I've had a bit of insight as to why I possibly may swallow things.
Tonight I have eaten crap. I have basically binged on crap and feel very sick. I do recognise now, that in myself that, that in itself is a form of self harm for me. But, after, I was aware of this feeling that I needed to punish myself for doing it. It stuck with me for a while.
So I swallowed.
I don't know if it is always like that. If that's always the reason. But it was tonight. It's not like I want it to do anything to me. I do worry after. But then if I did it would be like a punishment.
I am following a fat club plan at the moment. So far with diet and exercise I have lost 14kg. That's around 2.5 stone or in lbs, 35lb. To get my BMI to within a normal range I need to lose about another 18kg.

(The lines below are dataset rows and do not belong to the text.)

lemma mean_atom_mass_ge_partial_sum:
  "0 \<le> l \<Longrightarrow> (\<Sum>i\<in>{1..n}. \<theta> i * (1 - exp (- l * \<theta> i))) \<le> mean_atom_mass \<theta> l"
  unfolding mean_atom_mass_def
  using sum_le_suminf[OF mean_atom_mass_summable, of l "{..<n}"] mean_term_nonneg
  by (simp add: sum.atLeast1_atMost_eq)

lemma mean_atom_mass_pos: "0 < \<theta> 1 \<Longrightarrow> 0 < l \<Longrightarrow> 0 < mean_atom_mass \<theta> l"
  unfolding mean_atom_mass_def
  using mean_atom_mass_summable[of l] mean_term_nonneg[of l]
  by (intro suminf_pos2[of _ 0]) auto

end

section \<open>Cuts of a fixed realisation\<close>

lemma indicator_Icc_measurable [measurable]:
  "(\<lambda>l::real. indicator {0..l} c :: real) \<in> borel_measurable borel"
proof -
  have "(\<lambda>l::real. indicator {0..l} c :: real) = (\<lambda>l. if 0 \<le> c \<and> c \<le> l then 1 else 0)"
    by (auto simp: fun_eq_iff split: split_indicator)
  then show ?thesis by simp
qed

lemma mu_Icc0_measurable [measurable]: "mu_Icc0 \<theta> x \<in> borel_measurable borel"
  unfolding mu_Icc0_def[abs_def] by measurable

locale cut_sequence = omega_parameters +
  fixes x e :: "nat \<Rightarrow> real"
  assumes arrival_nonneg: "0 \<le> e j"
    and first_atom_nonneg: "0 < \<theta> 1 \<Longrightarrow> 0 \<le> x 1"
begin

abbreviation "mu \<equiv> mu_Icc0 \<theta> x"
abbreviation "Lam \<equiv> cum_intensity \<theta> x"
abbreviation "Y \<equiv> cuts \<theta> x e"

lemma mu_mono: "l \<le> l' \<Longrightarrow> mu l \<le> mu l'"
  unfolding mu_Icc0_eq_atom_mass
  by (intro add_mono ennreal_leI mult_left_mono atom_mass_mono) auto

lemma diffuse_le_mu: "ennreal ((\<theta> 0)\<^sup>2 * l) \<le> mu l"
  unfolding mu_Icc0_eq_atom_mass by simp

lemma atom_mass_le_mu: "atom_mass \<theta> x {0..l} \<le> mu l"
  unfolding mu_Icc0_eq_atom_mass by simp

lemma mu_pos: "\<exists>t\<ge>0. \<exists>c>0. ennreal c \<le> mu t"
proof (cases "0 < \<theta> 1")
  case True
  then have "ennreal (\<theta> 1) \<le> mu (x 1)"
    using first_atom_nonneg atom_mass_ge_first_atom[of x "{0..x 1}"] atom_mass_le_mu order_trans
    by fastforce
  then show ?thesis using True first_atom_nonneg by blast
next
  case False
  then have "0 < (\<theta> 0)\<^sup>2 * 1"
    using diffuse_nonzero_if_no_atoms theta_nonneg[of 1] by simp
  then show ?thesis using diffuse_le_mu[of 1] zero_le_one by blast
qed

lemma Lam_mono: "l \<le> l' \<Longrightarrow> Lam l \<le> Lam l'"
  unfolding cum_intensity_def
  by (intro nn_integral_mono mult_left_mono) (auto split: split_indicator)

lemma Lam_increment:
  assumes "0 \<le> t" "t \<le> s"
  shows "Lam t + ennreal (s - t) * mu t \<le> Lam s"
proof -
  have "Lam s = (\<integral>\<^sup>+u. mu u * indicator {0..t} u + mu u * indicator {t<..s} u \<partial>lborel)"
    unfolding cum_intensity_def using assms
    by (intro nn_integral_cong) (auto split: split_indicator)
  also have "\<dots> = Lam t + (\<integral>\<^sup>+u. mu u * indicator {t<..s} u \<partial>lborel)"
    unfolding cum_intensity_def by (rule nn_integral_add) measurable
  finally have split: "Lam s = Lam t + (\<integral>\<^sup>+u. mu u * indicator {t<..s} u \<partial>lborel)" .
  have "ennreal (s - t) * mu t = (\<integral>\<^sup>+u. mu t * indicator {t<..s} u \<partial>lborel)"
    using assms by (simp add: nn_integral_cmult_indicator mult.commute)
  also have "\<dots> \<le> (\<integral>\<^sup>+u. mu u * indicator {t<..s} u \<partial>lborel)"
    by (intro nn_integral_mono) (auto split: split_indicator intro: mu_mono)
  finally show ?thesis unfolding split by (rule add_left_mono)
qed

lemma Lam_le:
  assumes "0 \<le> l"
  shows "Lam l \<le> ennreal l * mu l"
proof -
  have "Lam l \<le> (\<integral>\<^sup>+u. mu l * indicator {0..l} u \<partial>lborel)"
    unfolding cum_intensity_def
    by (intro nn_integral_mono) (auto split: split_indicator intro: mu_mono)
  also have "\<dots> = ennreal l * mu l"
    using assms by (simp add: nn_integral_cmult_indicator mult.commute)
  finally show ?thesis .
qed

lemma Lam_unbounded: "\<exists>l\<ge>0. ennreal c \<le> Lam l"
proof -
  obtain t c0 where t: "0 \<le> t" and c0: "0 < c0" "ennreal c0 \<le> mu t"
    using mu_pos by blast
  define r where "r = max c 0 / c0"
  have r: "0 \<le> r" using c0 by (simp add: r_def)
  have "ennreal c \<le> ennreal r * ennreal c0"
    using c0 by (simp add: r_def flip: ennreal_mult)
  also have "\<dots> \<le> ennreal (t + r - t) * mu t"
    using c0 by (simp add: mult_left_mono)
  also have "\<dots> \<le> Lam t + ennreal (t + r - t) * mu t"
    by (rule add_increasing) simp_all
  also have "\<dots> \<le> Lam (t + r)"
    using Lam_increment[of t "t + r"] t r by simp
  finally show ?thesis using t r by (intro exI[of _ "t + r"]) auto
qed

definition hitting_set :: "nat \<Rightarrow> real set" where
  "hitting_set k = {l. 0 \<le> l \<and> ennreal (\<Sum>j<k. e j) \<le> Lam l}"

lemma hitting_set_nonempty: "hitting_set k \<noteq> {}"
  using Lam_unbounded[of "\<Sum>j<k. e j"] unfolding hitting_set_def by auto

lemma hitting_set_bdd_below: "bdd_below (hitting_set k)"
  unfolding hitting_set_def by (intro bdd_belowI[of _ 0]) auto

lemma cuts_eq_Inf: "k \<noteq> 0 \<Longrightarrow> Y k = Inf (hitting_set k)"
  unfolding cuts_def hitting_set_def by simp

lemma cuts_nonneg: "0 \<le> Y k"
  using hitting_set_nonempty[of k]
  by (cases "k = 0") (auto simp: cuts_eq_Inf cuts_def hitting_set_def intro: cInf_greatest)

lemma Lam_ge_of_cuts_less: "Y k < t \<Longrightarrow> ennreal (\<Sum>j<k. e j) \<le> Lam t"
proof (cases "k = 0")
  case False
  assume "Y k < t"
  then obtain l where "l \<in> hitting_set k" "l < t"
    using False cInf_lessD[OF hitting_set_nonempty] by (auto simp: cuts_eq_Inf)
  then show ?thesis
    using Lam_mono[of l t] by (auto simp: hitting_set_def)
qed simp

lemma Lam_less_of_less_cuts:
  assumes "0 \<le> s" "s < Y k"
  shows "Lam s < ennreal (\<Sum>j<k. e j)"
proof (rule ccontr)
  assume "\<not> ?thesis"
  then have "s \<in> hitting_set k" using assms by (simp add: hitting_set_def not_less)
  then have "Inf (hitting_set k) \<le> s" by (rule cInf_lower[OF _ hitting_set_bdd_below])
  then show False using assms by (cases "k = 0") (auto simp: cuts_eq_Inf cuts_def hitting_set_def)
qed

lemma cuts_gap_mult_le:
  assumes c: "0 \<le> c" "ennreal c \<le> mu (Y i)"
  shows "(Y (Suc i) - Y i) * c \<le> e i"
proof -
  have strict: "(s - t) * c < e i" if st: "Y i < t" "t \<le> s" "s < Y (Suc i)" for s t
  proof -
    have t0: "0 \<le> t" using st cuts_nonneg[of i] by linarith
    have "ennreal ((\<Sum>j<i. e j) + (s - t) * c) = ennreal (\<Sum>j<i. e j) + ennreal (s - t) * ennreal c"
      using st c arrival_nonneg by (simp add: sum_nonneg ennreal_plus ennreal_mult)
    also have "\<dots> \<le> Lam t + ennreal (s - t) * mu t"
      using st c mu_mono[of "Y i" t]
      by (intro add_mono mult_left_mono Lam_ge_of_cuts_less order_trans[OF c(2)]) auto
    also have "\<dots> \<le> Lam s" using st t0 by (intro Lam_increment) auto
    also have "\<dots> < ennreal (\<Sum>j<Suc i. e j)" using st t0 by (intro Lam_less_of_less_cuts) auto
    finally show ?thesis
      using st c arrival_nonneg by (simp add: ennreal_less_iff sum_nonneg)
  qed
  show ?thesis
  proof (cases "Y i < Y (Suc i)")
    case True
    have "((\<lambda>\<epsilon>. (Y (Suc i) - Y i - 2 * \<epsilon>) * c) \<longlongrightarrow> (Y (Suc i) - Y i - 2 * 0) * c) (at_right 0)"
      by (intro tendsto_intros)
    moreover have "(Y (Suc i) - Y i - 2 * \<epsilon>) * c \<le> e i" if "0 < \<epsilon>" "\<epsilon> < (Y (Suc i) - Y i) / 2" for \<epsilon>
      using strict[of "Y i + \<epsilon>" "Y (Suc i) - \<epsilon>"] that by (simp add: algebra_simps)
    then have "\<forall>\<^sub>F \<epsilon> in at_right 0. (Y (Suc i) - Y i - 2 * \<epsilon>) * c \<le> e i"
      unfolding eventually_at_right_field using True
      by (intro exI[of _ "(Y (Suc i) - Y i) / 2"]) auto
    ultimately show ?thesis by (intro tendsto_upperbound) auto
  next
    case False
    then show ?thesis
      using c arrival_nonneg[of i] mult_nonpos_nonneg[of "Y (Suc i) - Y i" c] by linarith
  qed
qed

lemma diffuse_cuts_gap_le:
  assumes "0 < Y i"
  shows "(\<theta> 0)\<^sup>2 * (Y (Suc i) - Y i) \<le> e i / Y i"
proof -
  have "(Y (Suc i) - Y i) * ((\<theta> 0)\<^sup>2 * Y i) \<le> e i"
    using assms by (intro cuts_gap_mult_le diffuse_le_mu) simp
  then show ?thesis using assms by (simp add: field_simps)
qed

lemma cuts_gap_le_of_atom_mass:
  assumes "0 < L" "ennreal L \<le> atom_mass \<theta> x {0..Y i}"
  shows "Y (Suc i) - Y i \<le> e i / L"
proof -
  have "(Y (Suc i) - Y i) * L \<le> e i"
    using assms atom_mass_le_mu by (intro cuts_gap_mult_le) (auto intro: order_trans)
  then show ?thesis using assms by (simp add: field_simps)
qed
lemma log_barrier_radial_concave:
  assumes "1 \<le> s"
  shows "log_barrier' s + 2 * s * log_barrier'' s \<le> 0"
proof -
  have "3 - 6 * s - s\<^sup>2 < 0"
    using assms by (simp add: power2_eq_square) (smt (verit) mult_nonneg_nonneg)
  with log_barrier_identities(1)[of s] assms show ?thesis
    by (smt (verit) zero_le_mult_iff zero_less_power)
qed

lemma log_barrier_trace_neg:
  assumes "3 < s"
  shows "log_barrier' s + s * log_barrier'' s < 0"
  using log_barrier_identities(2)[of s] assms by (smt (verit) zero_le_mult_iff zero_less_power)

lemma log_barrier_ge_ln:
  fixes y :: "'a::real_inner"
  assumes "1 \<le> norm y"
  shows "ln (norm y) - 1 \<le> log_barrier (y \<bullet> y)"
proof -
  have "ln (norm y) = ln (y \<bullet> y) / 2"
    using assms by (simp add: power2_norm_eq_inner[symmetric] ln_realpow)
  also have "\<dots> \<le> ln (1 + y \<bullet> y) / 2"
  proof -
    have "y \<noteq> 0"
      using assms by auto
    then have "0 < y \<bullet> y"
      by simp
    then show ?thesis
      by (intro divide_right_mono ln_mono) auto
  qed
  moreover have "inverse (1 + y \<bullet> y) \<le> 1"
    by (simp add: inverse_le_1_iff)
  ultimately show ?thesis
    unfolding log_barrier_def by linarith
qed

lemma log_barrier'_ln_le:
  assumes "2 \<le> r"
  shows "2 * r\<^sup>2 * log_barrier' (r\<^sup>2) * ln r \<le> ln r + 1"
proof -
  define s where "s = r\<^sup>2"
  have s: "4 \<le> s"
    using assms power_mono[of 2 r 2] unfolding s_def by simp
  have "2 * s * log_barrier' s - 1 = (s - 1) / (1 + s)\<^sup>2"
    using log_barrier_identities(3)[of s] s by (simp add: field_simps)
  moreover have "(s - 1) * ln r \<le> (1 + s)\<^sup>2"
  proof -
    have "ln r \<le> s"
      using ln_le_minus_one[of r] assms unfolding s_def by (smt (verit) power2_eq_square mult_le_cancel_left1)
    then have "(s - 1) * ln r \<le> s * s"
      using s assms by (intro mult_mono) auto
    also have "\<dots> \<le> (1 + s)\<^sup>2"
      using s by (simp add: power2_eq_square algebra_simps)
    finally show ?thesis .
  qed
  ultimately have "(2 * s * log_barrier' s - 1) * ln r \<le> 1"
    using s by (simp add: divide_le_eq_1)
  then show ?thesis
    unfolding s_def by (simp add: algebra_simps)
qed

lemma Limsup_log_le_0_imp_eventually_less:
  fixes u :: "'a::real_normed_vector \<Rightarrow> real"
  assumes "Limsup at_infinity (\<lambda>x. ereal (u x / ln (norm x))) \<le> 0" and "0 < e"
  shows "eventually (\<lambda>x. u x < e * ln (norm x)) at_infinity"
proof -
  have "eventually (\<lambda>x. ereal (u x / ln (norm x)) < ereal e) at_infinity"
    using assms by (intro Limsup_lessD) (meson ereal_less(2) order_le_less_trans)
  moreover have "eventually (\<lambda>x. 1 < norm x) at_infinity"
    unfolding eventually_at_infinity by (intro exI[of _ 2]) auto
  ultimately show ?thesis
  proof eventually_elim
    case (elim x)
    then have "0 < ln (norm x)"
      using ln_gt_zero by blast
    with elim show ?case
      by (simp add: pos_divide_less_eq mult.commute)
  qed
qed

lemma eventually_below_log_barrier:
  fixes u :: "'a::real_inner \<Rightarrow> real"
  assumes growth: "\<And>e. 0 < e \<Longrightarrow> eventually (\<lambda>x. u x < e * ln (norm x)) at_infinity"
    and "0 < \<epsilon>"
  shows "eventually (\<lambda>y. u y < C + \<epsilon> * log_barrier (y \<bullet> y)) at_infinity"
proof -
  have "filterlim (\<lambda>y::'a. ln (norm y)) at_top at_infinity"
    by (intro filterlim_compose[OF ln_at_top] filterlim_at_infinity_imp_norm_at_top filterlim_ident)
  then have "eventually (\<lambda>y::'a. 2 * \<bar>C - \<epsilon>\<bar> / \<epsilon> < ln (norm y)) at_infinity"
    by (simp add: filterlim_at_top_dense)
  moreover have "eventually (\<lambda>y::'a. 1 \<le> norm y) at_infinity"
    by (simp add: eventually_at_infinity) blast
  moreover have "eventually (\<lambda>y. u y < \<epsilon> / 2 * ln (norm y)) at_infinity"
    using \<open>0 < \<epsilon>\<close> by (intro growth) simp
  ultimately show ?thesis
  proof eventually_elim
    case (elim y)
    then have "\<epsilon> * (ln (norm y) - 1) \<le> \<epsilon> * log_barrier (y \<bullet> y)"
      using log_barrier_ge_ln[of y] \<open>0 < \<epsilon>\<close> by (intro mult_left_mono) auto
    moreover have "2 * \<bar>C - \<epsilon>\<bar> < \<epsilon> * ln (norm y)" "2 * u y < \<epsilon> * ln (norm y)"
      using elim(1,3) \<open>0 < \<epsilon>\<close> by (simp_all add: field_simps)
    ultimately show ?case
      using abs_ge_minus_self[of "C - \<epsilon>"] by (simp add: algebra_simps)
  qed
qed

So I am not even half way yet. But, to be honest I would be happy being a UK size 14. I'm about an 18 on bottom and 16 on top now. I'm 5'8. Or 172cm. So I think to get there I would need to lose another 2 stone.
I've never spoke to anyone before about how my weight bothers me and how it makes me feel. I don't know why. I think it comes down to the psychologist being a bloke.
I need to get back on it tomorrow. I need to make sure I have a week of no alcohol, no going over on points and lots of exercise. Not like this last week has been.
Anyway, just wanted to write about that little bit of insight I have had.